Hands23 data

Data repository for the paper: Towards A Richer 2D Understanding of Hands at Scale (NeurIPS2023).

Tianyi Cheng*, Dandan Shan*, Ayda Hassen, Richard Higgins, David Fouhey.

It contains the SAM mask generation and annotation visulation for Hands23 dataset.

Download and unzip

wget https://fouheylab.eecs.umich.edu/~dandans/projects/hands23/data/hands23_data.zip
unzip hands23_data.zip -d where/to/unzip/

After unzip, the folder structure will look like below. allMergedSplit contains the train/val/test splits. allMergedBlur contains all JPG images. allMergedTxt contains all TXT annotation files correspond to JPG images by only adding .txt suffix.

hands23_data/
├── allMergedSplit
|   ├── TEST.txt
|   ├── TRAIN.txt
|   └── VAL.txt
├── allMergedBlur
|   └── *.jpg
├── allMergedTxt
|    └── *.jpg.txt
└── masks_sam (to be created in the next step)
    └── *.png

SAM mask generation

The downloaded data hands23_data.zip has all other annotations, except for SAM masks. Please follow Segment Anything for the environment installation and downlowd the model checkpoint, the ViT-H SAM model (sam_vit_h_4b8939.pth). Then, you can generate SAM masks for raw format data by simply running

python sam/get_sam_masks.py

Visualization

Visualize annotations: load from raw format and plot annotations on images.

python vis/vis_hands23.py

Citing

If you find this data and code useful for your research, please consider citing Hands23 paper,

@inproceedings{cheng2023towards,
        title={Towards a richer 2d understanding of hands at scale},
        author={Cheng, Tianyi and Shan, Dandan and Hassen, Ayda Sultan and Higgins, Richard Ely Locke and Fouhey, David},
        booktitle={Thirty-seventh Conference on Neural Information Processing Systems},
        year={2023}
        }

and also make sure to cite the following paper where the subsets originate: COCO (Lin et al.), VISOR (Darkhalil et al.) and Artic. (Qian et al.).
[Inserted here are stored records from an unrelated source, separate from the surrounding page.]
lemma hess_compose_matrix:
  fixes F :: "real^'n \<Rightarrow> real" and A :: "real^'n^'n"
  assumes "twice_differentiable_at F (A *v z)"
  shows "hess (\<lambda>z. F (A *v z)) z = transpose A ** hess F (A *v z) ** A"
proof -
  obtain D where D: "(grad F has_derivative D) (at (A *v z))"
    using assms by (auto simp: twice_differentiable_at_def differentiable_def)
  have "\<forall>\<^sub>F x in nhds z. F differentiable (at (A *v x))"
    using assms eventually_nhds_matrix_vector_mul by (auto simp: twice_differentiable_at_def)
  then have "\<forall>\<^sub>F x in nhds z. grad (\<lambda>z. F (A *v z)) x = transpose A *v grad F (A *v x)"
    by (rule eventually_mono) (rule grad_compose_matrix)
  then obtain S where S: "open S" "z \<in> S"
      "\<forall>x\<in>S. grad (\<lambda>z. F (A *v z)) x = transpose A *v grad F (A *v x)"
    unfolding eventually_nhds by blast
  have "((\<lambda>x. transpose A *v grad F (A *v x)) has_derivative (\<lambda>v. transpose A *v D (A *v v))) (at z)"
    using has_derivative_compose[OF has_derivative_matrix_vector_mul D]
    by (intro bounded_linear.has_derivative[OF matrix_vector_mul_bounded_linear]) simp
  then have "(grad (\<lambda>z. F (A *v z)) has_derivative
      (\<lambda>v. transpose A *v D (A *v v))) (at z)"
    by (rule has_derivative_transform_within_open[OF _ S(1,2)]) (use S(3) in auto)
  then have "hess (\<lambda>z. F (A *v z)) z = matrix ((\<lambda>v. transpose A *v v) \<circ> D \<circ> (\<lambda>v. A *v v))"
    by (simp add: hess_def frechet_derivative_at[symmetric] o_def)
  also have "\<dots> = transpose A ** matrix D ** A"
    using has_derivative_linear[OF D]
    by (simp only: matrix_compose linear_compose matrix_vector_mul_linear matrix_of_matrix_vector_mul)
  also have "\<dots> = transpose A ** hess F (A *v z) ** A"
    by (simp add: hess_def frechet_derivative_at[OF D, symmetric])
  finally show ?thesis .
qed

section \<open>Orthogonal equivariance of the Laplace IS construction\<close>

lemma invertible_Gamma_star:
  assumes "laplace_IS_welldef g mu"
  shows "invertible (Gamma_star g mu)"
  using assms matrix_inv_left matrix_inv_right
  unfolding laplace_IS_welldef_def Gamma_star_def invertible_def by blast

lemma opt_drift_compose_orthogonal:
  fixes g :: "real^'n \<Rightarrow> real" and U :: "real^'n^'n"
  assumes U: "orthogonal_matrix U" and drift: "opt_drift g mu"
  shows "opt_drift (\<lambda>z. g (U *v z)) (transpose U *v mu)"
proof -
  note UUt = orthogonal_matrix_vector_mul_transpose[OF U]
  have diff: "g differentiable (at (U *v (transpose U *v mu)))"
    using drift UUt by (simp add: opt_drift_def)
  show ?thesis
    using drift differentiable_compose_matrix[OF diff] grad_compose_matrix[OF diff]
    unfolding opt_drift_def UUt by (simp flip: matrix_vector_mult_scaleR)
qed

lemma Gamma_star_compose_orthogonal:
  fixes g :: "real^'n \<Rightarrow> real" and U :: "real^'n^'n"
  assumes U: "orthogonal_matrix U" and wd: "laplace_IS_welldef g mu"
  shows "Gamma_star (\<lambda>z. g (U *v z)) (transpose U *v mu) = transpose U ** Gamma_star g mu ** U"
proof -
  define H where "H = hess (\<lambda>z. ln (g z)) mu"
  have "hess (\<lambda>z. ln (g (U *v z))) (transpose U *v mu) = transpose U ** H ** U"
    using hess_compose_matrix[of "\<lambda>z. ln (g z)" U] wd
    by (simp add: H_def laplace_IS_welldef_def orthogonal_matrix_vector_mul_transpose[OF U])
  then have "mat 1 - hess (\<lambda>z. ln (g (U *v z))) (transpose U *v mu) = transpose U ** (mat 1 - H) ** U"
    using U by (simp add: matrix_diff_ldistrib matrix_diff_rdistrib orthogonal_matrix)
  moreover have "invertible (mat 1 - H)"
    using wd by (simp add: laplace_IS_welldef_def H_def)
  ultimately show ?thesis
    unfolding Gamma_star_def H_def[symmetric] by (simp add: matrix_inv_orthogonal_conj[OF U])
qed

lemma gI_compose_orthogonal:
  fixes g :: "real^'n \<Rightarrow> real" and U V L1 L2 :: "real^'n^'n"
  assumes U: "orthogonal_matrix U" and V: "orthogonal_matrix V"
    and L: "L1 ** V = U ** L2"
    and Gamma: "Gamma_star (\<lambda>z. g (U *v z)) (transpose U *v mu) = transpose U ** Gamma_star g mu ** U"
  shows "gI (\<lambda>z. g (U *v z)) (transpose U *v mu) L2 z = gI g mu L1 (V *v z)"
proof -
  have arg: "L1 *v (V *v z) + mu = U *v (L2 *v z + transpose U *v mu)"
    using L orthogonal_matrix_vector_mul_transpose[OF U]
    by (simp add: matrix_vector_mul_assoc matrix_vector_right_distrib)
  show ?thesis
    unfolding gI_def Gamma det_orthogonal_conj[OF U] arg orthogonal_matrix_inner[OF U]
      orthogonal_matrix_inner[OF V] ..
qed

lemma gI_differentiable:
  fixes g :: "real^'n \<Rightarrow> real" and L :: "real^'n^'n"
  assumes "g differentiable (at (L *v x + mu))"
  shows "gI g mu L differentiable (at x)"
proof -
  have affine: "(\<lambda>y. A *v y + c) differentiable (at x)" for A :: "real^'n^'n" and c
    by (intro differentiable_add bounded_linear_imp_differentiable matrix_vector_mul_bounded_linear
        differentiable_const)
  have square: "(\<lambda>y. (A *v y + c) \<bullet> (A *v y + c)) differentiable (at x)" for A :: "real^'n^'n" and c
    using differentiable_inner[OF affine affine] by simp
  have exp: "exp differentiable (at t)" for t :: real
    using DERIV_exp[of t] by (auto simp: differentiable_def has_field_derivative_def)
  have "(\<lambda>y. g (L *v y + mu)) differentiable (at x)"
    using differentiable_chain_at[OF affine assms] by (simp add: o_def)
  moreover have "(\<lambda>y. 1/2 * (y \<bullet> y) - 1/2 * ((L *v y + mu) \<bullet> (L *v y + mu))) differentiable (at x)"
    using square[of "mat 1" 0] square[of L mu]
    by (intro differentiable_diff differentiable_mult differentiable_const) auto
  ultimately show ?thesis
    unfolding gI_def[abs_def] by (intro differentiable_mult differentiable_compose[OF exp] differentiable_const)
qed

section \<open>Lebesgue measure under linear changes of variables\<close>

lemma borel_measurable_matrix_vector_mul:
  "(\<lambda>x. A *v x) \<in> borel_measurable borel" for A :: "real^'n^'m"
  by (intro borel_measurable_continuous_onI linear_continuous_on matrix_vector_mul_bounded_linear)

lemma lborel_distr_orthogonal:
  fixes V :: "real^('n::{finite,wellorder})^('n::{finite,wellorder})"
  assumes V: "orthogonal_matrix V"
  shows "distr lborel borel (\<lambda>x. V *v x) = lborel"
proof (rule lborel_eqI[symmetric])
  fix l u :: "real^('n::{finite,wellorder})"
  assume le: "\<And>b. b \<in> Basis \<Longrightarrow> l \<bullet> b \<le> u \<bullet> b"
  have preimage: "(\<lambda>x. V *v x) -` box l u = (\<lambda>x. transpose V *v x) ` box l u"
    using V by (auto simp: orthogonal_matrix_def matrix_vector_mul_assoc image_iff intro!: bexI[of _ "V *v _"])
  have orth: "orthogonal_transformation (\<lambda>x. transpose V *v x)"
    using V by (simp add: orthogonal_transformation_matrix)
  have "(\<lambda>x. V *v x) -` box l u \<in> sets borel"
    using borel_measurable_matrix_vector_mul[of V] by (simp add: measurable_sets_borel)
  then have "emeasure (distr lborel borel (\<lambda>x. V *v x)) (box l u)
        = emeasure lebesgue ((\<lambda>x. V *v x) -` box l u)"
    using borel_measurable_matrix_vector_mul[of V] by (simp add: emeasure_distr)
  also have "\<dots> = emeasure lebesgue ((\<lambda>x. transpose V *v x) ` box l u)"
    by (simp only: preimage)
  also have "\<dots> = measure lebesgue (box l u)"
    using measurable_orthogonal_image[OF orth] measure_orthogonal_image[OF orth]
    by (simp add: emeasure_eq_measure2)
  also have "\<dots> = (\<Prod>b\<in>Basis. (u - l) \<bullet> b)"
    using le by simp
  finally show "emeasure (distr lborel borel (\<lambda>x. V *v x)) (box l u) = (\<Prod>b\<in>Basis. (u - l) \<bullet> b)" .
qed simp

lemma AE_lborel_affine:
  fixes A :: "real^('n::{finite,wellorder})^('n::{finite,wellorder})"
  assumes A: "invertible A" and P: "AE x in lborel. P x"
  shows "AE z in lborel. P (A *v z + b)"
proof -
  \<comment> \<open>the inverse affine map is differentiable, so it maps null sets to null sets\<close>
  obtain N where N: "{x \<in> space lborel. \<not> P x} \<subseteq> N" "N \<in> null_sets lborel"
    using P unfolding eventually_ae_filter by blast
  define T where "T x = matrix_inv A *v (x - b)" for x
  have "negligible N"
    using N(2) by (simp add: negligible_iff_null_sets null_sets_completionI)
  moreover have "(T has_derivative (\<lambda>v. matrix_inv A *v v)) (at x)" for x
    unfolding T_def
    by (rule bounded_linear.has_derivative[OF matrix_vector_mul_bounded_linear])
      (auto intro!: derivative_eq_intros)
  then have "T differentiable_on N"
    by (metis differentiable_at_imp_differentiable_on differentiable_def)
  ultimately have "T ` N \<in> null_sets lebesgue"
    by (simp add: negligible_differentiable_image_negligible flip: negligible_iff_null_sets)
  moreover have "{z \<in> space lebesgue. \<not> P (A *v z + b)} \<subseteq> T ` N"
  proof
    fix z assume "z \<in> {z \<in> space lebesgue. \<not> P (A *v z + b)}"
    then have "A *v z + b \<in> N" using N(1) by auto
    moreover have "T (A *v z + b) = z"
      using A by (simp add: T_def matrix_vector_mul_assoc matrix_inv_left)
    ultimately show "z \<in> T ` N" by (metis image_eqI)
  qed
  ultimately have "AE z in lebesgue. P (A *v z + b)" by (rule AE_I')
  then show ?thesis by (simp add: AE_completion_iff)
qed

lemma
  fixes V :: "real^('n::{finite,wellorder})^('n::{finite,wellorder})"
    and f :: "real^('n::{finite,wellorder}) \<Rightarrow> 'b::{banach, second_countable_topology}"
  assumes V: "orthogonal_matrix V" and f: "integrable lborel f"
  shows integrable_lborel_compose_orthogonal: "integrable lborel (\<lambda>z. f (V *v z))"
    and integral_lborel_compose_orthogonal: "(\<integral>z. f (V *v z) \<partial>lborel) = (\<integral>x. f x \<partial>lborel)"
proof -
  have meas_V: "(\<lambda>x. V *v x) \<in> measurable lborel borel"
    using borel_measurable_matrix_vector_mul[of V] by simp
  have meas_f: "f \<in> borel_measurable borel"
    using borel_measurable_integrable[OF f] by simp
  show "integrable lborel (\<lambda>z. f (V *v z))"
    using f integrable_distr_eq[OF meas_V meas_f] lborel_distr_orthogonal[OF V] by simp
  show "(\<integral>z. f (V *v z) \<partial>lborel) = (\<integral>x. f x \<partial>lborel)"
    using integral_distr[OF meas_V meas_f] lborel_distr_orthogonal[OF V] by simp
qed

section \<open>Gradient information matrices and active subspaces\<close>

lemma std_normal_density_orthogonal:
  "orthogonal_matrix V \<Longrightarrow> std_normal_density (V *v z) = std_normal_density z"
  by (simp add: std_normal_density_def orthogonal_matrix_inner)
@inproceedings{lin2014microsoft,
  title={Microsoft coco: Common objects in context},
  author={Lin, Tsung-Yi and Maire, Michael and Belongie, Serge and Hays, James and Perona, Pietro and Ramanan, Deva and Doll{\'a}r, Piotr and Zitnick, C Lawrence},
  booktitle={European conference on computer vision},
  pages={740--755},
  year={2014},
  organization={Springer}
}
@inproceedings{VISOR,
           title={EPIC-KITCHENS VISOR Benchmark: VIdeo Segmentations and Object Relations},
           author={Darkhalil, Ahmad and Shan, Dandan and Zhu, Bin and Ma, Jian and Kar, Amlan and Higgins, Richard and Fidler, Sanja and Fouhey, David and Damen, Dima},
           booktitle   = {Proceedings of the Neural Information Processing Systems (NeurIPS) Track on Datasets and Benchmarks},
           year      = {2022}
} 
@inproceedings{Qian22,
    author = {Shengyi Qian and Linyi Jin and Chris Rockwell and Siyi Chen and David F. Fouhey},
    title = {Understanding 3D Object Articulation in Internet Videos},
    booktitle = {CVPR},
    year = 2022
}